[Start of section]

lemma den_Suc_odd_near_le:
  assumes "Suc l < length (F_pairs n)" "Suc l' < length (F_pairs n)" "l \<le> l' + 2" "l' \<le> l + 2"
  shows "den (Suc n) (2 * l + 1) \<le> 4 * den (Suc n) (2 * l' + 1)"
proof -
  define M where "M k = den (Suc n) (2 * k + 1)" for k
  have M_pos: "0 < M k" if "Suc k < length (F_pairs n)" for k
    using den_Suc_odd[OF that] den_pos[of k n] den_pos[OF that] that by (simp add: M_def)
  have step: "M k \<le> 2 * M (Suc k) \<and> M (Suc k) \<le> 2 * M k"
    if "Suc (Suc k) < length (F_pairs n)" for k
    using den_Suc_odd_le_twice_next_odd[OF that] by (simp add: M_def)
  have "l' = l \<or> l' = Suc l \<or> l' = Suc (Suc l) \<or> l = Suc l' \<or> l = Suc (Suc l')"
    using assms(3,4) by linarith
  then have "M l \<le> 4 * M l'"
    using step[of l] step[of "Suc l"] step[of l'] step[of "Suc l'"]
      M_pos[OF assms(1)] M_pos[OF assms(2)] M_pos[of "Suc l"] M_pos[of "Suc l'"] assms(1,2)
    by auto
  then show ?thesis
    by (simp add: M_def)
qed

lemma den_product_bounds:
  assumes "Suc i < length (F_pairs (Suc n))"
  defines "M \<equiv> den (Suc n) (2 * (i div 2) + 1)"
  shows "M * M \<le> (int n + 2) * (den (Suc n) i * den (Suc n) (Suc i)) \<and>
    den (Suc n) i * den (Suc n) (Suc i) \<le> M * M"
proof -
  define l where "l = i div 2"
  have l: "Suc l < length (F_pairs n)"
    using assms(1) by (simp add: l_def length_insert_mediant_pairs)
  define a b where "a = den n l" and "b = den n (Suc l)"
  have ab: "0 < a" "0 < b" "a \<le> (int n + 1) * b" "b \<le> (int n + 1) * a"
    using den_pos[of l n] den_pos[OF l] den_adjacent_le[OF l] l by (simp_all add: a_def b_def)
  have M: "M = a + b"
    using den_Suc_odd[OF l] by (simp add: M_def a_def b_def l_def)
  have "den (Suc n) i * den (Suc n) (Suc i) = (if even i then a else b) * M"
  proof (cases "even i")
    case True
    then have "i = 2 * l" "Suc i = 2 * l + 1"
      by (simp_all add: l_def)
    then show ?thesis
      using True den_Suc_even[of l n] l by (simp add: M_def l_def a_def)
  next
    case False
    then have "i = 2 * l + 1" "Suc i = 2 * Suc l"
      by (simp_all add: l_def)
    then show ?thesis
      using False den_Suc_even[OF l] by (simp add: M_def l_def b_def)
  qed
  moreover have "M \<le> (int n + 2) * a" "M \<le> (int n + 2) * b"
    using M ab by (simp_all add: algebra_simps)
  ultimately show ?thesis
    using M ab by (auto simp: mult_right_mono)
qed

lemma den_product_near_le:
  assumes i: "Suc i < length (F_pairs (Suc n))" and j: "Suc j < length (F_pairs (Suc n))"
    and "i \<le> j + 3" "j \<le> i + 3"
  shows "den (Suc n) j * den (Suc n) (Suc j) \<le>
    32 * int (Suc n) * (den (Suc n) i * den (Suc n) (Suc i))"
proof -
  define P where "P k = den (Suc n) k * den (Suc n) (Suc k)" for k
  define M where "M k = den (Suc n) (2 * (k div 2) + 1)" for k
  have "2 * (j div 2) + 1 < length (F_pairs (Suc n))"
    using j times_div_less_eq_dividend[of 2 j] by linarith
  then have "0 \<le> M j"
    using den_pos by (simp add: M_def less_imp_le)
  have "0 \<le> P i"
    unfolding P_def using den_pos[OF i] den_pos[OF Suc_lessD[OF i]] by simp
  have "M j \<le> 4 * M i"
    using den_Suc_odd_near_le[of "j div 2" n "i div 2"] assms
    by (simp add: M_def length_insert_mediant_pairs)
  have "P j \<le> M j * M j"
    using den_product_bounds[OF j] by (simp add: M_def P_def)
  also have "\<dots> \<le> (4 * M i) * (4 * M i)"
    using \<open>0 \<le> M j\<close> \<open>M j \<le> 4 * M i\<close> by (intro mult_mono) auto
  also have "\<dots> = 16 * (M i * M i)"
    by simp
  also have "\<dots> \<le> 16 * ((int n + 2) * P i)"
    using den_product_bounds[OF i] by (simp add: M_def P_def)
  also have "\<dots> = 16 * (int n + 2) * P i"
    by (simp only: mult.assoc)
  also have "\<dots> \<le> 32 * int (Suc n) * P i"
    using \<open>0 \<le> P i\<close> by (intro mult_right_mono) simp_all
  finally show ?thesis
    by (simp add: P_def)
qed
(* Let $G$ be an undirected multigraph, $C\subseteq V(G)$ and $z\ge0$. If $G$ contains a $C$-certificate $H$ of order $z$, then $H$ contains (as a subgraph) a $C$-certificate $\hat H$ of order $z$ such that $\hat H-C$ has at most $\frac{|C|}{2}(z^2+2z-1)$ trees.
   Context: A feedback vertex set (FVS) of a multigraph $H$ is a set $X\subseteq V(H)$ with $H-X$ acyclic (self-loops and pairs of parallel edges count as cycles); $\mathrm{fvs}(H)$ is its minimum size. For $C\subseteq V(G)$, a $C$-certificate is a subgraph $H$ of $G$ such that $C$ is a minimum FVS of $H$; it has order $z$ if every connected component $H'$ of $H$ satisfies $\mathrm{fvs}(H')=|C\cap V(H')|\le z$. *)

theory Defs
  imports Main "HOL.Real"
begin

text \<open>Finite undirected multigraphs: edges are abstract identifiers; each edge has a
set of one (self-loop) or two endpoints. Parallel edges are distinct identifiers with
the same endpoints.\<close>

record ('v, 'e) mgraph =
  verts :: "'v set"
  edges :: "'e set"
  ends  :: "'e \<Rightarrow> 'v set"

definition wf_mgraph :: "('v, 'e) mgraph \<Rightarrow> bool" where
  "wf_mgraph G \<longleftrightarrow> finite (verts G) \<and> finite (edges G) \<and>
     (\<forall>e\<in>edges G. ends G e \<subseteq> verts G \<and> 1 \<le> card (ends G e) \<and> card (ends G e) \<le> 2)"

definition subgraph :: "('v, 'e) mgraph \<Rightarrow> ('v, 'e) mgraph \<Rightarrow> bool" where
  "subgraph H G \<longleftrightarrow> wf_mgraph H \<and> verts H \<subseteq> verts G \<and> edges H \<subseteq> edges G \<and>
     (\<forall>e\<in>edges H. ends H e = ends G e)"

[End of section]
[Start of section]

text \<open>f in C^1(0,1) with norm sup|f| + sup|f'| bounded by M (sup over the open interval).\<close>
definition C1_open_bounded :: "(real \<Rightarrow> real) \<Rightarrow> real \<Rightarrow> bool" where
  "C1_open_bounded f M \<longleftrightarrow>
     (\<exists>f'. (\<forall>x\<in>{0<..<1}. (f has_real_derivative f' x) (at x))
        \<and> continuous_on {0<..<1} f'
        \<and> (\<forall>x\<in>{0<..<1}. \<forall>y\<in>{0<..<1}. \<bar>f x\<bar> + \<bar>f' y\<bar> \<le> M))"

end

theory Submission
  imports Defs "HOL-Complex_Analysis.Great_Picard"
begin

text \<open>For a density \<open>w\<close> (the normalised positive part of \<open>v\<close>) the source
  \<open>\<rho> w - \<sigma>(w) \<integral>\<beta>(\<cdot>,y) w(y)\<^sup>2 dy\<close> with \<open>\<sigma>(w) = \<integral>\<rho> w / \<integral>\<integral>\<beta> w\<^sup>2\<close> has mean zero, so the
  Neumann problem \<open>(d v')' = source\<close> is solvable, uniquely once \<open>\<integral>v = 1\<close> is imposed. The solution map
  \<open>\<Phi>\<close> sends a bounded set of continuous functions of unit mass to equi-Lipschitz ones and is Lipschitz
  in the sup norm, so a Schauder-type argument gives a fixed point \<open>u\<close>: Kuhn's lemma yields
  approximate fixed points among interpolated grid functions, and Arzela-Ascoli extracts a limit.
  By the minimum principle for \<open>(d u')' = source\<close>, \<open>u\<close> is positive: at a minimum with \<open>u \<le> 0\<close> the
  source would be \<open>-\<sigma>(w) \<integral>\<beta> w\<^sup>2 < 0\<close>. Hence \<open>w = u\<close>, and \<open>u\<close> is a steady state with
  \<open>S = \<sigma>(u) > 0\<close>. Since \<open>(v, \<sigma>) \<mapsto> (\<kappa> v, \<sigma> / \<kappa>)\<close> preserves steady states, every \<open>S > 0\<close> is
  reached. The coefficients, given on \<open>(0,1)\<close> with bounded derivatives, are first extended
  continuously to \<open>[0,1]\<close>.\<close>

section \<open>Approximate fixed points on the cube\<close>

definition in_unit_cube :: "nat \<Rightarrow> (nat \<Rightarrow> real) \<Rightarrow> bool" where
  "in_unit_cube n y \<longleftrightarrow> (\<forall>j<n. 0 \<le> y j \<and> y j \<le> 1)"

[End of section]

From the entries above, return each line with the word "then" in it.

  then have "M l \<le> 4 * M l'"
  then show ?thesis
  have "den (Suc n) i * den (Suc n) (Suc i) = (if even i then a else b) * M"
    then have "i = 2 * l" "Suc i = 2 * l + 1"
    then show ?thesis
    then have "i = 2 * l + 1" "Suc i = 2 * Suc l"
    then show ?thesis
  then have "0 \<le> M j"
(* Let $G$ be an undirected multigraph, $C\subseteq V(G)$ and $z\ge0$. If $G$ contains a $C$-certificate $H$ of order $z$, then $H$ contains (as a subgraph) a $C$-certificate $\hat H$ of order $z$ such that $\hat H-C$ has at most $\frac{|C|}{2}(z^2+2z-1)$ trees.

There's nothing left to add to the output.